lemma pentagon_signing_square:
  assumes "i < 5" "j < 5"
  shows "(\<Sum>l<5. pentagon_signing i l * pentagon_signing l j) = (if i = j then 4 else -1)"
proof -
  have "i = 0 \<or> i = 1 \<or> i = 2 \<or> i = 3 \<or> i = 4" "j = 0 \<or> j = 1 \<or> j = 2 \<or> j = 3 \<or> j = 4"
    using assms by auto
  moreover have "{..<5::nat} = {0, 1, 2, 3, 4}" by auto
  ultimately show ?thesis by (elim disjE) (simp_all add: pentagon_signing_def)
qed

lemma good_signing_K5: "\<exists>\<sigma>. good_signing 5 (5 - 1) (complete_graph_edges 5) \<sigma>"
proof (rule good_signing_complete_graph_if_square_row_sums)
  fix i :: nat assume i: "i < 5"
  have "(\<Sum>j<5. \<bar>\<Sum>l<5. pentagon_signing i l * pentagon_signing l j\<bar>) = (\<Sum>j<5. if j = i then 4 else 1)"
    using i by (intro sum.cong refl) (auto simp: pentagon_signing_square)
  also have "\<dots> = 8"
    using i by (simp add: sum_lessThan_if_eq)
  finally show "(\<Sum>j<5. \<bar>\<Sum>l<5. pentagon_signing i l * pentagon_signing l j\<bar>) \<le> 4 * (real 5 - 2)"
    by simp
qed (auto simp: pentagon_signing_def)

lemma symmetric_conference_of_mat:
  assumes "conference_matrix n C" "transpose_mat C = C"
  shows "symmetric_conference n (\<lambda>i j. C $$ (i,j))"
proof
  have C: "C \<in> carrier_mat n n" and CC: "C * C = of_nat (n - 1) \<cdot>\<^sub>m 1\<^sub>m n"
    using assms unfolding conference_matrix_def by auto
  fix i j assume ij: "i < n" "j < n"
  show "C $$ (j,i) = C $$ (i,j)"
    using ij C arg_cong[OF assms(2), of "\<lambda>M. M $$ (i,j)"] by simp
  have "(\<Sum>l<n. C $$ (i,l) * C $$ (l,j)) = (C * C) $$ (i,j)"
    using C ij by (simp add: scalar_prod_def atLeast0LessThan)
  also have "\<dots> = (if i = j then real n - 1 else 0)"
    using ij by (simp add: CC of_nat_diff)
  finally show "(\<Sum>l<n. C $$ (i,l) * C $$ (l,j)) = (if i = j then real n - 1 else 0)" .
qed (use assms in \<open>auto simp: conference_matrix_def\<close>)

theorem mainTheorem1:
  fixes n :: nat and C :: "real mat"
  assumes "n \<ge> 2"
    and "normalized_symmetric_conference_matrix n C"
  shows "\<forall>m \<in> {n+1, n+2, n+3}. \<exists>\<sigma>. good_signing m (m - 1) (complete_graph_edges m) \<sigma>"
proof -
  interpret symmetric_conference n "\<lambda>i j. C $$ (i,j)"
    using assms(2) symmetric_conference_of_mat
    unfolding normalized_symmetric_conference_matrix_def by blast
  have "\<exists>\<sigma>. good_signing (n + k) (n + k - 1) (complete_graph_edges (n + k)) \<sigma>"
    if "1 \<le> k" "k \<le> 3" for k
  proof (cases "k \<le> n")
    case True
    then show ?thesis using bordered_good_signing that assms(1) by blast
  next
    case False
    then have "n + k = 5" using that assms(1) by auto
    then show ?thesis using good_signing_K5 by simp
  qed
  from this[of 1] this[of 2] this[of 3] show ?thesis by auto
qed

end
(* Let $\gamma>1$ and $F(x)=x^\gamma$. Let $u:[0,\infty)\to\mathbb R$ be the unique solution of $$u(T)=\mathbb E\Big[1_{\{\sigma_1>T\}}+\min_{a\in[0,1]}\big(a^\gamma+(1-a)^\gamma u(T-\sigma_1)\big)1_{\{\sigma_1\le T\}}\Big],$$ where $\sigma_1$ is exponentially distributed with rate $\lambda>0$ (the first arrival time of a Poisson process of intensity $\lambda$). Then $u$ satisfies $$\partial_T u(T)=\lambda u(T)\Big(\frac{1}{[1+u(T)^{1/(\gamma-1)}]^{\gamma-1}}-1\Big),\qquad u(0)=1,$$ and the optimal action $a(T)=\arg\min_{a\in[0,1]}\{a^\gamma+(1-a)^\gamma u(T)\}$ satisfies $$\partial_T a(T)=\frac{\lambda}{\gamma-1}a(T)(1-a(T))\big((1-a(T))^{\gamma-1}-1\big)<0,\qquad a(0)=1/2,$$ and $T\mapsto a(T)$ is convex.
   Context: This is the continuous-sale-amount version of an execution problem: orders arrive according to a Poisson process $N$ of intensity $\lambda$ with arrival times $\sigma_1<\sigma_2<\cdots$; a holding of $x\ge0$ units may be sold in arbitrary real amounts at arrival times, with trade cost $F(\text{size})$ and the remainder $\xi_T$ sold at $T$ at cost $F(\xi_T)$; $u(T)$ is the minimal expected cost per unit of $x^\gamma$, i.e. $\hat u(x,T)=x^\gamma u(T)$. *)

theory Defs
  imports "HOL-Probability.Probability"
begin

» **Aim of the exercise**: From the records above, copy each line that contains the word "thesis".

» **Written answer**:
  ultimately show ?thesis by (elim disjE) (simp_all add: pentagon_signing_def)
    then show ?thesis using bordered_good_signing that assms(1) by blast
    then show ?thesis using good_signing_K5 by simp
  from this[of 1] this[of 2] this[of 3] show ?thesis by auto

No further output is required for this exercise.